Na sociedade de mercado, quem não tem dinheiro fica privado de produtos e serviços essenciais. O dinheiro (no caso, a falta dele), não raras vezes, se configura como um determinante da escravidão, da opressão, da exclusão, da fome e da miséria. No limite, impõe a desumanização. De outra parte, a tomada do dinheiro como um patrão com poderes absolutos, mantém os impérios, a ganância, o lucro e a concentração da propriedade privada. Sobre essa máxima se afirma o capitalismo.
Enquanto isso, o diálogo seguia na padaria. Não demorou a que surgisse um rapaz. De pronto, disse ter fome, o que segue sendo uma grande chaga social. Ao invés de pedir pão, como seria de se esperar, pediu dinheiro. Muitos logo dirão que o utilizaria para outras finalidades. Seja para qual finalidade for, nisso reside o poder escondido do dinheiro. Ele pode comprar o necessário, o supérfluo, o lícito e até aquilo que não se imagina. Nessas variações de patrão e empregado é que se esconde seu poder misterioso a que cada um pode atribuir, usufruir ou a ele se submeter. Pelo dinheiro podemos nos escravizar a nós mesmos ou a outros. Por isso, bem advertia o filósofo francês Montesquieu: “O dinheiro é valioso desde que saibamos desprezá-lo”.

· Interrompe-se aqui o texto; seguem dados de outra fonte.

(* Let $F$ be a recurrent set and let $X\subset F$ be a bifix code of finite $F$-degree $d$. Then the set of nonempty proper suffixes of words of $X$ is a disjoint union of $d-1$ $F$-maximal prefix codes.
   Context: $A$ is a finite alphabet. $F\subset A^*$ is recurrent if it is nonempty, closed under factors, and for all $u,w\in F$ there is $v\in F$ with $uvw\in F$. A prefix code is a set of nonempty words none of which is a proper prefix of another; a bifix code is also suffix (no element a proper suffix of another). A prefix code $Y\subset F$ is $F$-maximal if it is not properly contained in any prefix code contained in $F$. A parse of $w$ with respect to $X$ is a triple $(v,x,u)$ with $w=vxu$, $v$ having no suffix in $X$, $x\in X^*$, $u$ having no prefix in $X$; $\delta_X(w)$ is their number and $d_F(X)=\max_{w\in F}\delta_X(w)$. *)

theory Defs
  imports Main "HOL-Library.Sublist"
begin

definition factorial_set :: "'a list set \<Rightarrow> bool" where
  "factorial_set F \<longleftrightarrow> (\<forall>w\<in>F. \<forall>u. sublist u w \<longrightarrow> u \<in> F)"

definition recurrent :: "'a list set \<Rightarrow> bool" where
  "recurrent F \<longleftrightarrow> F \<noteq> {} \<and> factorial_set F \<and>
     (\<forall>u\<in>F. \<forall>w\<in>F. \<exists>v\<in>F. u @ v @ w \<in> F)"

definition prefix_code :: "'a list set \<Rightarrow> bool" where
  "prefix_code X \<longleftrightarrow> [] \<notin> X \<and> (\<forall>x\<in>X. \<forall>y\<in>X. \<not> strict_prefix x y)"

definition suffix_code :: "'a list set \<Rightarrow> bool" where
  "suffix_code X \<longleftrightarrow> [] \<notin> X \<and> (\<forall>x\<in>X. \<forall>y\<in>X. \<not> strict_suffix x y)"

definition bifix_code :: "'a list set \<Rightarrow> bool" where
  "bifix_code X \<longleftrightarrow> prefix_code X \<and> suffix_code X"

definition F_maximal_prefix_code :: "'a list set \<Rightarrow> 'a list set \<Rightarrow> bool" where
  "F_maximal_prefix_code F Y \<longleftrightarrow> prefix_code Y \<and> Y \<subseteq> F \<and>
     \<not> (\<exists>Z. prefix_code Z \<and> Z \<subseteq> F \<and> Y \<subset> Z)"

definition star_set :: "'a list set \<Rightarrow> 'a list set" where
  "star_set X = {concat xs | xs. set xs \<subseteq> X}"

definition parses :: "'a list set \<Rightarrow> 'a list \<Rightarrow> ('a list \<times> 'a list \<times> 'a list) set" where
  "parses X w = {(v, x, u). w = v @ x @ u \<and> (\<forall>s. suffix s v \<longrightarrow> s \<notin> X)
      \<and> x \<in> star_set X \<and> (\<forall>p. prefix p u \<longrightarrow> p \<notin> X)}"

definition delta :: "'a list set \<Rightarrow> 'a list \<Rightarrow> nat" where
  "delta X w = card (parses X w)"

definition has_F_degree :: "'a list set \<Rightarrow> 'a list set \<Rightarrow> nat \<Rightarrow> bool" where
  "has_F_degree F X d \<longleftrightarrow> (\<forall>w\<in>F. delta X w \<le> d) \<and> (\<exists>w\<in>F. delta X w = d)"

end

theory Submission imports Defs begin

(* For a prefix code X, the X-factorisation of a word is unique once its
   "left end" is fixed, so delta X w counts the prefixes of w having no suffix in X
   (the possible left ends of parses).  Consequently delta X is monotone under right
   extension, grows by one per letter exactly when the new prefix has no suffix in X
   (so it takes all intermediate values), and grows strictly along prefixes having no
   suffix in X.  Reversing words turns suffix codes into prefix codes and preserves
   delta, which gives monotonicity under left extension for suffix codes.

   For a bifix code X of F-degree d in a recurrent set F, the nonempty proper suffixes s
   of words of X have 2 <= delta X s <= d, and recurrence shows that conversely every
   nonempty word of F with no suffix in X is such a proper suffix.  The sets
   P k = {proper suffixes s with delta X s = k} (2 <= k <= d) are then prefix codes by
   strict growth, and F-maximal because every word of F extends, via recurrence, to a word
   of degree d whose prefixes pass through the value k (intermediate values).  They
   partition the proper suffixes, which is the theorem with P i = P (i + 2). *)

abbreviation no_suffix_in :: "'a list set \<Rightarrow> 'a list \<Rightarrow> bool" where
  "no_suffix_in X v \<equiv> \<forall>s. suffix s v \<longrightarrow> s \<notin> X"

abbreviation no_prefix_in :: "'a list set \<Rightarrow> 'a list \<Rightarrow> bool" where
  "no_prefix_in X u \<equiv> \<forall>p. prefix p u \<longrightarrow> p \<notin> X"

section \<open>Counting parses for prefix codes\<close>

text \<open>The possible left ends of parses of w: prefixes of w without a suffix in X.\<close>
definition left_ends :: "'a list set \<Rightarrow> 'a list \<Rightarrow> 'a list set" where
  "left_ends X w = {v. prefix v w \<and> no_suffix_in X v}"

lemma finite_left_ends: "finite (left_ends X w)"
proof (rule finite_subset)
  show "left_ends X w \<subseteq> set (prefixes w)" by (auto simp: left_ends_def)
qed simp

Nessa altura, veio à memória a filosofia de bolso que o amigo Valter costuma repetir. Segundo ele, se é verdade que “o dinheiro é do diabo, viver sem ele é um inferno”. Na verdade, diante do dinheiro, alguns poucos vivem uma espécie de “paraíso terrestre” por serem senhores de muitos bens; uma grande parcela da sociedade experimenta um contínuo “purgatório”, por precisar controlar muito bem seus recursos limitados a fim de satisfazer as necessidades básicas. Entretanto, a grande maioria da população enfrenta realidades infernais ante a impossibilidade de adquirir o mínimo necessário para manter-se vivo.
Para construir uma sociedade mais igualitária, sem carências nem excessos, sua senhoria, o dinheiro não pode governar de forma absoluta, nem funcionar como um patrão perverso que subjuga, corrompe e domina. Daí a necessidade de fortalecer a política do bem comum, a democracia econômica, a justiça social e a cidadania plena para que a vida e a dignidade humana de todas as pessoas estejam acima do senhorio do dinheiro e do império do capital!